▸ Material provided

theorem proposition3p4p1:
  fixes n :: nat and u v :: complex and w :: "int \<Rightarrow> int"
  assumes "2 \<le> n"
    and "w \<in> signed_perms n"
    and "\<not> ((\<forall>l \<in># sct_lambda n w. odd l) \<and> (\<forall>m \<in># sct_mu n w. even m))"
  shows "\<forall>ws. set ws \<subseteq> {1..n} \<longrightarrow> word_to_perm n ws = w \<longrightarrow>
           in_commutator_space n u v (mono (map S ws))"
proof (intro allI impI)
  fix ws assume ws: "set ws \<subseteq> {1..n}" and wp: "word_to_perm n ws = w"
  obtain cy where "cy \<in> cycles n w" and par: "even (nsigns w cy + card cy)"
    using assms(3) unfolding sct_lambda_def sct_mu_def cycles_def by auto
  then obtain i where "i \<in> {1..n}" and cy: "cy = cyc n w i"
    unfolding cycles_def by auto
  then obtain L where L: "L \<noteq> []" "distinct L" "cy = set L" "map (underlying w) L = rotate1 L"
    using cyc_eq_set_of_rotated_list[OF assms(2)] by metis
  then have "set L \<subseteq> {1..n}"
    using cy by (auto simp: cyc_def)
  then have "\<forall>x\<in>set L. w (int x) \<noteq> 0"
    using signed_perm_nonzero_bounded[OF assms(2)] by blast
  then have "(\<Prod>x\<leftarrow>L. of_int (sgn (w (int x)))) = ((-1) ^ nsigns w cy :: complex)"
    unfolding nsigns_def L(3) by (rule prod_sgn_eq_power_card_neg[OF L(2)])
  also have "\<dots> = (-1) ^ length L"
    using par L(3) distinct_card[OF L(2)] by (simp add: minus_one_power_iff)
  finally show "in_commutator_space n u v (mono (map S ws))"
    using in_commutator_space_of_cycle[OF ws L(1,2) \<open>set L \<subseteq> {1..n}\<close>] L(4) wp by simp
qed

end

▸ Exercise brief
Output only the lines from the one containing "of_int (sgn (w" through the end of the material, please, exactly as they appear.

▸ Result of this exercise
  then have "(\<Prod>x\<leftarrow>L. of_int (sgn (w (int x)))) = ((-1) ^ nsigns w cy :: complex)"
    unfolding nsigns_def L(3) by (rule prod_sgn_eq_power_card_neg[OF L(2)])
  also have "\<dots> = (-1) ^ length L"
    using par L(3) distinct_card[OF L(2)] by (simp add: minus_one_power_iff)
  finally show "in_commutator_space n u v (mono (map S ws))"
    using in_commutator_space_of_cycle[OF ws L(1,2) \<open>set L \<subseteq> {1..n}\<close>] L(4) wp by simp
qed

end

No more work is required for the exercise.